In contrary to the training MSE, which decreases with the order of the model, the test MSE is lowest for the 3rd order model.
The test MSEs are generally higher than the training MSEs. This is to be expected as the intial models did all, to some degree, fit to the noise in the training data.

This is because the 10th order model has too much variance - it is too close to the training data. If we fit such a model to multiple draws of samples from the population with a true association consistent with the cubic order polynomial, the model’s predictive performance will always look different:

../../_images/623a8ad1d87afe50ed5accba57e097b7182f103934b505595def72e88c5aa113.png

BiasVarianceTradeOff — Fig. 2 Bias-variance tradeoff#

When we increase the flexibility of the model by adding more parameters, we are effectively trading between bias and variance. Initially, as the model becomes more flexible, its bias decreases quickly because it can capture more complex patterns in the data. However, this increased flexibility also makes the model more sensitive to the noise in the training data, which leads to a rise in variance.

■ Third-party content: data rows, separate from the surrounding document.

lemma line_energy_ge_chain:
  "sorted (a # ps) \<Longrightarrow> (\<Sum>(x, y)\<leftarrow>zip (a # ps) ps. \<bar>f y - f x\<bar>) \<le> line_energy f a (last (a # ps))"
proof (induction ps arbitrary: a)
  case (Cons p ps)
  then have "(\<Sum>(x, y)\<leftarrow>zip (p # ps) ps. \<bar>f y - f x\<bar>) \<le> line_energy f p (last (p # ps))"
    by simp
  moreover have "p \<le> last (p # ps)" using Cons.prems by (cases ps) (auto simp: sorted_wrt_append)
  moreover have "\<bar>f p - f a\<bar> \<le> line_energy f a p" using Cons.prems by (intro line_energy_ge_abs_diff) simp
  ultimately show ?case using Cons.prems line_energy_split[of a p "last (p # ps)" f] by simp
qed (simp add: line_energy_nonneg)

lemma exists_jump:
  "a \<le> b \<Longrightarrow> f a \<noteq> f b \<Longrightarrow> \<exists>x. a \<le> x \<and> x < b \<and> f (Suc x) \<noteq> f x"
proof (induction b rule: dec_induct)
  case (step b)
  then show ?case by (cases "f a = f b") (auto intro: less_SucI)
qed simp

definition spin_line :: "(nat \<Rightarrow> int) \<Rightarrow> nat \<Rightarrow> bool" where
  "spin_line f L \<longleftrightarrow> f 0 = 0 \<and> f (Suc L) = 0 \<and> (\<forall>x. 1 \<le> x \<and> x \<le> L \<longrightarrow> f x \<in> {-1, 0, 1})"

lemma spin_line_energy_ge_2:
  assumes "spin_line f L" "1 \<le> x" "x \<le> L" "f x \<noteq> 0"
  shows "2 \<le> line_energy f 0 (Suc L)"
  using line_energy_ge_chain[of 0 "[x, Suc L]" f] assms unfolding spin_line_def by auto

lemma spin_line_energy_ge_4:
  assumes "spin_line f L" "1 \<le> a" "a \<le> L" "1 \<le> b" "b \<le> L" "f a = 1" "f b = -1"
  shows "4 \<le> line_energy f 0 (Suc L)"
proof (cases "a < b")
  case True
  then show ?thesis using line_energy_ge_chain[of 0 "[a, b, Suc L]" f] assms
    unfolding spin_line_def by auto
next
  case False
  then have "b < a" using assms by (cases "a = b") auto
  then show ?thesis using line_energy_ge_chain[of 0 "[b, a, Suc L]" f] assms
    unfolding spin_line_def by auto
qed

lemma spin_line_energy_ge_5_if_no_zero:
  assumes "spin_line f L" "1 \<le> a" "a \<le> L" "1 \<le> b" "b \<le> L" "f a = 1" "f b = -1"
    and no_zero: "\<And>x. 1 \<le> x \<Longrightarrow> x \<le> L \<Longrightarrow> f x \<noteq> 0"
  shows "5 \<le> line_energy f 0 (Suc L)"
proof -
  have "min a b \<le> max a b" "f (min a b) \<noteq> f (max a b)" using assms by (auto simp: min_def max_def)
  then obtain x where x: "min a b \<le> x" "x < max a b" "f (Suc x) \<noteq> f x"
    using exists_jump by blast
  have range: "1 \<le> x" "Suc x \<le> L" using x assms by auto
  have "f x \<in> {-1, 0, 1}" "f (Suc x) \<in> {-1, 0, 1}"
    using range assms(1) unfolding spin_line_def by auto
  then have "f x = 1 \<and> f (Suc x) = -1 \<or> f x = -1 \<and> f (Suc x) = 1"
    using range no_zero[of x] no_zero[of "Suc x"] x(3) by auto
  then have "\<bar>f x\<bar> = 1" "\<bar>f (Suc x)\<bar> = 1" "line_energy f x (Suc x) = 4"
    by (auto simp: line_energy_Suc)
  moreover have "\<bar>f x - f 0\<bar> \<le> line_energy f 0 x" "\<bar>f (Suc L) - f (Suc x)\<bar> \<le> line_energy f (Suc x) (Suc L)"
    using range by (auto intro: line_energy_ge_abs_diff)
  moreover have "line_energy f 0 (Suc L) = line_energy f 0 x + line_energy f x (Suc x) + line_energy f (Suc x) (Suc L)"
    using range line_energy_split[of 0 x "Suc L" f] line_energy_split[of x "Suc x" "Suc L" f] by simp
  moreover have "f 0 = 0" "f (Suc L) = 0" using assms(1) unfolding spin_line_def by auto
  ultimately show ?thesis by linarith
qed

Eventually, the reduction in bias is no longer sufficient to counterbalance the increase in variance. This is why a model with a very low training MSE may still suffer from a high test MSE: the low training error is primarily a result of fitting the noise (i.e., high variance), rather than capturing a true underlying pattern.

Summary

Our goal is to minimize the reducible error by finding an optimal balance between bias and variance. Only then do we have a model that not only performs well on the training data but also generalizes effectively to new, unseen data.